The Evercore ISI technician identified three technical reasons why “[Morgan Stanley] has further upside.” Looking at a chart of Morgan Stanley, Ross points out that while the stock has really moved like an “escalator,” climbing until March but then losing all of its 2017 gains by the end of the month, it has managed to keep above its 150-day moving average.

This is the first technical reason why Ross believes Morgan Stanley is a buy. The 150-day moving average serves as a key technical indicator for the stock’s movement, Ross said on CNBC’s “Trading Nation.” “It really defines the trend, providing support on the way up and resistance on the way down.”

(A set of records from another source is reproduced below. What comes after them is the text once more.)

lemma psi'_closed [simp]: "v \<in> carrier G \<Longrightarrow> \<psi>' v \<in> carrier G"
  using bij_betw_apply[OF bij_betw_inv_into[OF psi_bij]] .

lemma psi_psi' [simp]: "v \<in> carrier G \<Longrightarrow> \<psi> (\<psi>' v) = v"
  using bij_betw_inv_into_right[OF psi_bij] .

lemma psi'_psi [simp]: "x \<in> carrier G \<Longrightarrow> \<psi>' (\<psi> x) = x"
  using bij_betw_inv_into_left[OF psi_bij] .

lemma psi_colour:
  assumes "x \<in> carrier G" "y \<in> carrier G" "x \<noteq> y" "u \<in> carrier G" "v \<in> carrier G" "u \<noteq> v"
    and "cay_colour G x y = cay_colour G u v"
  shows "cay_colour G (\<psi> x) (\<psi> y) = cay_colour G (\<psi> u) (\<psi> v)"
  using colour_permuting assms unfolding colour_permuting_def complete_cay_adj by blast

definition defect :: "'a \<Rightarrow> 'a \<Rightarrow> 'a" where
  "defect g v = inv (\<psi> g) \<otimes> \<psi> (g \<otimes> \<psi>' v)"

lemma psi_mult: "g \<in> carrier G \<Longrightarrow> x \<in> carrier G \<Longrightarrow> \<psi> (g \<otimes> x) = \<psi> g \<otimes> defect g (\<psi> x)"
  by (simp add: defect_def)

lemma defect_one: "g \<in> carrier G \<Longrightarrow> defect g \<one> = \<one>"
  using psi'_psi[of \<one>] by (simp add: defect_def psi_one)

lemma defect_bij: "g \<in> carrier G \<Longrightarrow> bij_betw (defect g) (carrier G) (carrier G)"
proof -
  assume g: "g \<in> carrier G"
  have "bij_betw ((\<lambda>y. inv (\<psi> g) \<otimes> y) \<circ> \<psi> \<circ> (\<lambda>u. g \<otimes> u) \<circ> \<psi>') (carrier G) (carrier G)"
    using bij_betw_inv_into[OF psi_bij] bij_betw_mult_left g psi_bij
    by (metis bij_betw_trans inv_closed psi_closed)
  moreover have "defect g = (\<lambda>v. inv (\<psi> g) \<otimes> \<psi> (g \<otimes> \<psi>' v))" by (rule ext) (simp add: defect_def)
  ultimately show ?thesis by (simp add: comp_def)
qed

text \<open>Left translations preserve colours and \<open>\<psi>\<close> permutes them, so the conjugate
  \<open>defect g\<close> of the left translation by \<open>g\<close> preserves them.\<close>

lemma defect_colour_preserving:
  assumes g: "g \<in> carrier G"
  shows "colour_preserving G (carrier G - {\<one>}) (defect g)"
  unfolding colour_preserving_def complete_cay_aut
proof (intro conjI allI impI)
  show "bij_betw (defect g) (carrier G) (carrier G)" using defect_bij[OF g] .
  fix x y assume "cay_adj G (carrier G - {\<one>}) x y"
  then have x: "x \<in> carrier G" and y: "y \<in> carrier G" and "x \<noteq> y" by (auto simp: complete_cay_adj)
  then have "\<psi>' x \<noteq> \<psi>' y" by (metis psi_psi')
  have "cay_colour G (defect g x) (defect g y) = cay_colour G (\<psi> (g \<otimes> \<psi>' x)) (\<psi> (g \<otimes> \<psi>' y))"
    using g x y by (simp add: defect_def cay_colour_mult_left)
  also have "\<dots> = cay_colour G (\<psi> (\<psi>' x)) (\<psi> (\<psi>' y))"
    using g x y \<open>\<psi>' x \<noteq> \<psi>' y\<close> by (intro psi_colour) (simp_all add: cay_colour_mult_left)
  also have "\<dots> = cay_colour G x y" using x y by simp
  finally show "cay_colour G (defect g x) (defect g y) = cay_colour G x y" .
qed

lemma defect_self_or_inv_hom: "g \<in> carrier G \<Longrightarrow> self_or_inv_hom G (defect g)"
  using colour_preserving_fixing_one_self_or_inv_hom[OF CCA defect_colour_preserving defect_one] .

lemma defect_closed [simp]: "g \<in> carrier G \<Longrightarrow> v \<in> carrier G \<Longrightarrow> defect g v \<in> carrier G"
  using self_or_inv_hom_closed[OF defect_self_or_inv_hom] .

lemma defect_mult:
  assumes g: "g \<in> carrier G" and h: "h \<in> carrier G" and v: "v \<in> carrier G"
  shows "defect (g \<otimes> h) v = defect g (defect h v)"
proof -
  define x where "x = \<psi>' v"
  have x: "x \<in> carrier G" "\<psi> x = v" using v by (simp_all add: x_def)
  have "\<psi> (g \<otimes> h) \<otimes> defect (g \<otimes> h) v = \<psi> (g \<otimes> (h \<otimes> x))"
    using psi_mult[of "g \<otimes> h" x] g h x by (simp add: m_assoc)
  also have "\<dots> = \<psi> g \<otimes> defect g (\<psi> h) \<otimes> defect g (defect h v)"
    using g h x v by (simp add: psi_mult self_or_inv_hom_mult[OF defect_self_or_inv_hom] m_assoc)
  also have "\<dots> = \<psi> (g \<otimes> h) \<otimes> defect g (defect h v)" using g h by (simp add: psi_mult)
  finally show ?thesis using g h v by simp
qed

lemma square_eq_one_if_defect_inv:
  assumes g: "g \<in> carrier G" and "defect g (\<psi> g) = inv (\<psi> g)"
  shows "g \<otimes> g = \<one>"
proof -
  have "\<psi> (g \<otimes> g) = \<psi> \<one>" using psi_mult[OF g g] assms by (simp add: psi_one)
  then show ?thesis using g psi_eq_iff by simp
qed

definition twisted :: "'a \<Rightarrow> bool" where
  "twisted g \<longleftrightarrow> (\<exists>v\<in>carrier G. defect g v \<noteq> v)"

context
  fixes g\<^sub>0 assumes g\<^sub>0: "g\<^sub>0 \<in> carrier G" and twisted_g\<^sub>0: "twisted g\<^sub>0"
begin

lemma g\<^sub>0_self_or_inv_hom: "self_or_inv_hom G (defect g\<^sub>0)"
  using defect_self_or_inv_hom[OF g\<^sub>0] .

lemma twisted_defect:
  "h \<in> carrier G \<Longrightarrow> twisted h \<Longrightarrow> v \<in> carrier G \<Longrightarrow> defect h v = defect g\<^sub>0 v"
  using CCA_self_or_inv_hom_unique[OF CCA defect_self_or_inv_hom g\<^sub>0_self_or_inv_hom]
    g\<^sub>0 twisted_g\<^sub>0 unfolding twisted_def by blast

lemma twisted_mult:
  assumes g: "g \<in> carrier G" and h: "h \<in> carrier G"
  shows "twisted (g \<otimes> h) \<longleftrightarrow> \<not> (twisted g \<longleftrightarrow> twisted h)"
proof -
  have "defect (g \<otimes> h) v = (if twisted g \<longleftrightarrow> twisted h then v else defect g\<^sub>0 v)"
    if v: "v \<in> carrier G" for v
    using g h v defect_mult twisted_defect self_or_inv_hom_involution[OF g\<^sub>0_self_or_inv_hom]
    unfolding twisted_def by (smt (verit) defect_closed)
  then show ?thesis using twisted_g\<^sub>0 unfolding twisted_def by auto
qed

lemma twisted_moved_square:
  assumes h: "h \<in> carrier G" "twisted h" and moved: "defect g\<^sub>0 (\<psi> h) \<noteq> \<psi> h"
  shows "h \<otimes> h = \<one>"
  using square_eq_one_if_defect_inv self_or_inv_hom_moved[OF g\<^sub>0_self_or_inv_hom _ moved]
    twisted_defect h by simp

lemma psi_moved_by_twisted: "\<exists>h\<in>carrier G. twisted h \<and> defect g\<^sub>0 (\<psi> h) \<noteq> \<psi> h"
proof (rule ccontr)
  assume "\<not> ?thesis"
  then have fixed: "defect g\<^sub>0 (\<psi> h) = \<psi> h" if "h \<in> carrier G" "twisted h" for h
    using that by blast
  have "defect g\<^sub>0 (\<psi> x) = \<psi> x" if x: "x \<in> carrier G" for x
  proof (cases "twisted x")
    case False
    then have "twisted (g\<^sub>0 \<otimes> x)" using twisted_mult g\<^sub>0 x twisted_g\<^sub>0 by simp
    then have "defect g\<^sub>0 (\<psi> (g\<^sub>0 \<otimes> x)) = \<psi> (g\<^sub>0 \<otimes> x)" using fixed g\<^sub>0 x by simp
    then have "\<psi> g\<^sub>0 \<otimes> defect g\<^sub>0 (\<psi> x) = defect g\<^sub>0 (\<psi> g\<^sub>0 \<otimes> defect g\<^sub>0 (\<psi> x))"
      using psi_mult[OF g\<^sub>0 x] by simp
    also have "\<dots> = \<psi> g\<^sub>0 \<otimes> \<psi> x"
      using fixed[OF g\<^sub>0 twisted_g\<^sub>0] g\<^sub>0 x
      by (simp add: self_or_inv_hom_mult[OF g\<^sub>0_self_or_inv_hom] self_or_inv_hom_involution[OF g\<^sub>0_self_or_inv_hom])
    finally show ?thesis using g\<^sub>0 x by simp
  qed (use fixed x in simp)
  then have "defect g\<^sub>0 v = v" if "v \<in> carrier G" for v
    using that psi_psi' psi'_closed by metis
  then show False using twisted_g\<^sub>0 unfolding twisted_def by blast
qed

context
  fixes g\<^sub>1 assumes g\<^sub>1: "g\<^sub>1 \<in> carrier G" "twisted g\<^sub>1"
    and psi_g\<^sub>1_moved: "defect g\<^sub>0 (\<psi> g\<^sub>1) \<noteq> \<psi> g\<^sub>1"
begin

lemma g\<^sub>1_square: "g\<^sub>1 \<otimes> g\<^sub>1 = \<one>"
  using twisted_moved_square[OF g\<^sub>1 psi_g\<^sub>1_moved] .

lemma g\<^sub>1_fixed: "defect g\<^sub>0 g\<^sub>1 = g\<^sub>1"
  using self_or_inv_hom_fixed_if_involution[OF g\<^sub>0_self_or_inv_hom g\<^sub>1(1) g\<^sub>1_square] .

lemma g\<^sub>1_commute: "s \<in> carrier G \<Longrightarrow> defect g\<^sub>0 s = s \<Longrightarrow> g\<^sub>1 \<otimes> s = s \<otimes> g\<^sub>1"
  using self_or_inv_hom_fixed_commute[OF g\<^sub>0_self_or_inv_hom _ psi_g\<^sub>1_moved] g\<^sub>1 g\<^sub>1_fixed by simp

lemma untwisted_psi_fixed:
  assumes k: "k \<in> carrier G" "\<not> twisted k" "defect g\<^sub>0 (\<psi> k) = \<psi> k"
  shows "defect g\<^sub>0 k = k" and "k \<otimes> k = \<one>"
proof -
  have tw: "twisted (g\<^sub>1 \<otimes> k)" using twisted_mult g\<^sub>1 k by simp
  have "\<psi> (g\<^sub>1 \<otimes> k) = \<psi> g\<^sub>1 \<otimes> \<psi> k" using psi_mult g\<^sub>1 k by (simp add: twisted_defect)
  moreover have "defect g\<^sub>0 (\<psi> g\<^sub>1 \<otimes> \<psi> k) \<noteq> \<psi> g\<^sub>1 \<otimes> \<psi> k"
    using psi_g\<^sub>1_moved g\<^sub>1 k
    by (simp add: self_or_inv_hom_mult[OF g\<^sub>0_self_or_inv_hom] self_or_inv_hom_closed[OF g\<^sub>0_self_or_inv_hom])
  ultimately have sq: "(g\<^sub>1 \<otimes> k) \<otimes> (g\<^sub>1 \<otimes> k) = \<one>"
    using twisted_moved_square[of "g\<^sub>1 \<otimes> k"] tw g\<^sub>1 k by simp
  then have "defect g\<^sub>0 (g\<^sub>1 \<otimes> k) = g\<^sub>1 \<otimes> k"
    using self_or_inv_hom_fixed_if_involution[OF g\<^sub>0_self_or_inv_hom] g\<^sub>1 k by simp
  then show fixed: "defect g\<^sub>0 k = k"
    using g\<^sub>1 k g\<^sub>1_fixed
    by (simp add: self_or_inv_hom_mult[OF g\<^sub>0_self_or_inv_hom] self_or_inv_hom_closed[OF g\<^sub>0_self_or_inv_hom])
  show "k \<otimes> k = \<one>" using sq comm_square g\<^sub>1_commute[OF k(1) fixed] g\<^sub>1_square g\<^sub>1 k by simp
qed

He added: It’s making “a critical stand here.”

But the 150-day moving average line is also hitting another key level for the stock, which is trading above $42. That line currently sits at around $40, a level that is actually close to the bank’s 2016 highs. In Ross’ eyes, this further cements $40 as a “support” level.

The fact that Morgan Stanley has managed to stay above this $40 resistance even as it tumbled from 2017 highs leads Ross to round out his third reason for buying the bank. Ross thinks that since the stock is staying above $40, it will likely bounce from there.

“There is still upside to Morgan Stanley; I would be a buyer,” he concluded.

Earlier Wednesday, the financial giant reported first-quarter results that beat earnings and revenue expectations.